Мы с сестрой рано научились ценить богатство семейных отношений. Я до сих пор ощущаю эту любовь
– Вы говорите о любви внутри семьи, и, наверное, это было не «сюси-пуси», уроки любви ведь могут быть довольно суровыми?
– Конечно. Бабушка и дедушка вообще прожили суровую жизнь. Они воспитывали своих детей, внуков и правнуков личным примером. Бабушка и дедушка стали ключевыми фигурами на всю мою жизнь. Они были глубоко верующими людьми, создав семью, жили под Тюменью в селе Кулаково, занимались росписью деревянной утвари – прялки, плошки, кошевки.
– А что такое кошевки?
– Так называются расписные саночки, сани. Из рассказов бабушки я знала, что перед большими ярмарками эти сани и санки везли к ним в мастерскую «целыми эшелонами» – расписывать. Они пользовались большим спросом. Семейная артель славилась в округе своими вещами, и без работы мастера не оставались: кто-то резал из дерева, кто-то расписывал. Так продолжалось до 1930 года: бабушку с дедушкой, у которых было уже трое маленьких ребятишек, раскулачили и отправили в ссылку. Оказалось, на 20 лет. Часть вещей из мастерской они взяли с собой, благодаря чему те уникальные предметы сохранились и дошли до меня. Помню первые детские ощущения, когда я осознала, насколько рукотворные расписные вещи милее сердцу и приятнее в обиходе, чем изделия советского ширпотреба. Детское восприятие не обманешь. У меня чашечка была с надписью «25 лет советскому хоккею».

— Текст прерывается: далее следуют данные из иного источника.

definition triv_eq :: "nat set \<Rightarrow> ('f, 'r, 'a) fm" where
  "triv_eq Y = foldr (\<lambda>v \<phi>. Conj (Eq (Var v) (Var v)) \<phi>) (sorted_list_of_set Y) Tru"

definition marg :: "nat set \<Rightarrow> (('f, 'r, 'a) fm \<Rightarrow> real) \<Rightarrow> (('f, 'r, 'a) fm \<Rightarrow> real)" where
  "marg Y \<omega> = (\<lambda>\<phi>. \<omega> (Conj \<phi> (triv_eq Y)))"

definition smooth :: "('f, 'r) sig \<Rightarrow> ('a, 'f, 'r) str \<Rightarrow> nat set \<Rightarrow> 'a set
    \<Rightarrow> (('f, 'r, 'a) fm \<Rightarrow> real) \<Rightarrow> bool" where
  "smooth L U X A \<mu> \<longleftrightarrow>
     (\<forall>\<mu>'. keisler L U X (dom U) \<mu>' \<and> agree_on L X A \<mu>' \<mu> \<longrightarrow> agree_on L X (dom U) \<mu>' \<mu>)"

definition E_geq :: "('f, 'r) sig \<Rightarrow> ('a, 'f, 'r) str \<Rightarrow> nat set \<Rightarrow> nat set \<Rightarrow> 'a set
    \<Rightarrow> (('f, 'r, 'a) fm \<Rightarrow> real) \<Rightarrow> (('f, 'r, 'a) fm \<Rightarrow> real) \<Rightarrow> bool" where
  "E_geq L U X Y A \<mu> \<nu> \<longleftrightarrow>
     (\<exists>lam. keisler L U (X \<union> Y) A lam \<and> agree_on L X A (marg Y lam) \<mu> \<and>
        (\<forall>\<omega>. keisler L U (X \<union> Y) (dom U) \<omega> \<and> agree_on L (X \<union> Y) A \<omega> lam \<and>
              agree_on L X (dom U) (marg Y \<omega>) \<mu>
           \<longrightarrow> agree_on L Y (dom U) (marg X \<omega>) \<nu>))"

end

(*
  Let lam witness mu >=_{E,A} nu. Global measures are the same as coherent (in de Finetti's
  sense) prices for all definable sets of assignments, and every coherent book extends to such
  a total pricing (Zorn's lemma plus a one-event Hahn-Banach step). Any global extension of lam
  has x-marginal extending mu|A, hence equal to mu by smoothness, so its y-marginal is nu; in
  particular lam agrees with nu on L_y(A).

  Now let nu' agree with nu on A and let psi(y) be a formula over U. A bet on psi built from
  formulas over A is dominated by the A-definable set "exists x. the bet pays off", which has the
  same measure under lam, nu and nu'. Hence the book of lam stays coherent when psi is priced at
  nu'(psi); extending it to a global measure and applying the first paragraph gives
  nu'(psi) = nu(psi).
*)

theory Submission
  imports Defs "HOL-Library.Indicator_Function"
begin

section \<open>Coherent books\<close>

text \<open>A bet is a list of entries (c, (a, v)): c units of the indicator of the event a, bought at
the quoted price v per unit.\<close>

definition payoff :: "(real \<times> ('s set \<times> real)) list \<Rightarrow> 's \<Rightarrow> real" where
  "payoff B x = (\<Sum>q\<leftarrow>B. fst q * indicator (fst (snd q)) x)"

definition price :: "(real \<times> ('s set \<times> real)) list \<Rightarrow> real" where
  "price B = (\<Sum>q\<leftarrow>B. fst q * snd (snd q))"

definition scale_bet :: "real \<Rightarrow> (real \<times> 'b) list \<Rightarrow> (real \<times> 'b) list" where
  "scale_bet k B = map (\<lambda>q. (k * fst q, snd q)) B"

definition coherent :: "'s set \<Rightarrow> ('s set \<times> real) set \<Rightarrow> bool" where
  "coherent \<Omega> R \<longleftrightarrow>
     (\<forall>B. set (map snd B) \<subseteq> R \<longrightarrow> (\<forall>x\<in>\<Omega>. payoff B x \<le> 0) \<longrightarrow> price B \<le> 0)"

lemma payoff_simps [simp]:
  "payoff [] x = 0"
  "payoff (q # B) x = fst q * indicator (fst (snd q)) x + payoff B x"
  "payoff (B @ B') x = payoff B x + payoff B' x"
  "payoff (scale_bet k B) x = k * payoff B x"
  by (simp_all add: payoff_def scale_bet_def o_def sum_list_const_mult mult.assoc)

lemma price_simps [simp]:
  "price [] = 0"
  "price (q # B) = fst q * snd (snd q) + price B"
  "price (B @ B') = price B + price B'"
  "price (scale_bet k B) = k * price B"
  by (simp_all add: price_def scale_bet_def o_def sum_list_const_mult mult.assoc)

lemma map_snd_scale_bet [simp]: "map snd (scale_bet k B) = map snd B"
  by (simp add: scale_bet_def o_def)

lemma coherentD:
  "coherent \<Omega> R \<Longrightarrow> set (map snd B) \<subseteq> R \<Longrightarrow> (\<And>x. x \<in> \<Omega> \<Longrightarrow> payoff B x \<le> 0) \<Longrightarrow> price B \<le> 0"
  unfolding coherent_def by blast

1936 г. Семья Киселевых в ссылке (моя фамилия до брака-Киселева)
– И вам она не нравилась, потому что «не грела», не воспитывала вкус?
– Это было как противовес, как издевка над теми удивительными рукотворными вещами из кладовой. Уже тогда меня это возмущало, не понимала, почему для детей, для людей вообще, не делают вещи в национальном ключе, на которые приятно смотреть, которые приятно брать в руки.
Многое из того, что производила артель деда, хранилось у нас в кладовке. Я любила приходить в эту комнатку, где было большое окно и куда складывали разные вещи, которые я так любила часами рассматривать. То был удивительный мир, которому откликалось мое сердце: на стенах висели пахучие пучки сушеных трав и незатейливые картины, на полках стояла старинная деревянная посуда, часы. Из тех картин мне в память на всю жизнь врезалась одна – на темном фоне изображены две белые птички, которые смотрят друг на друга. В работах я часто использую именно этот сюжет – птички смотрят друг на друга, – который для меня не просто воспоминание, а своеобразный символ уютного мира семьи, который несу по жизни.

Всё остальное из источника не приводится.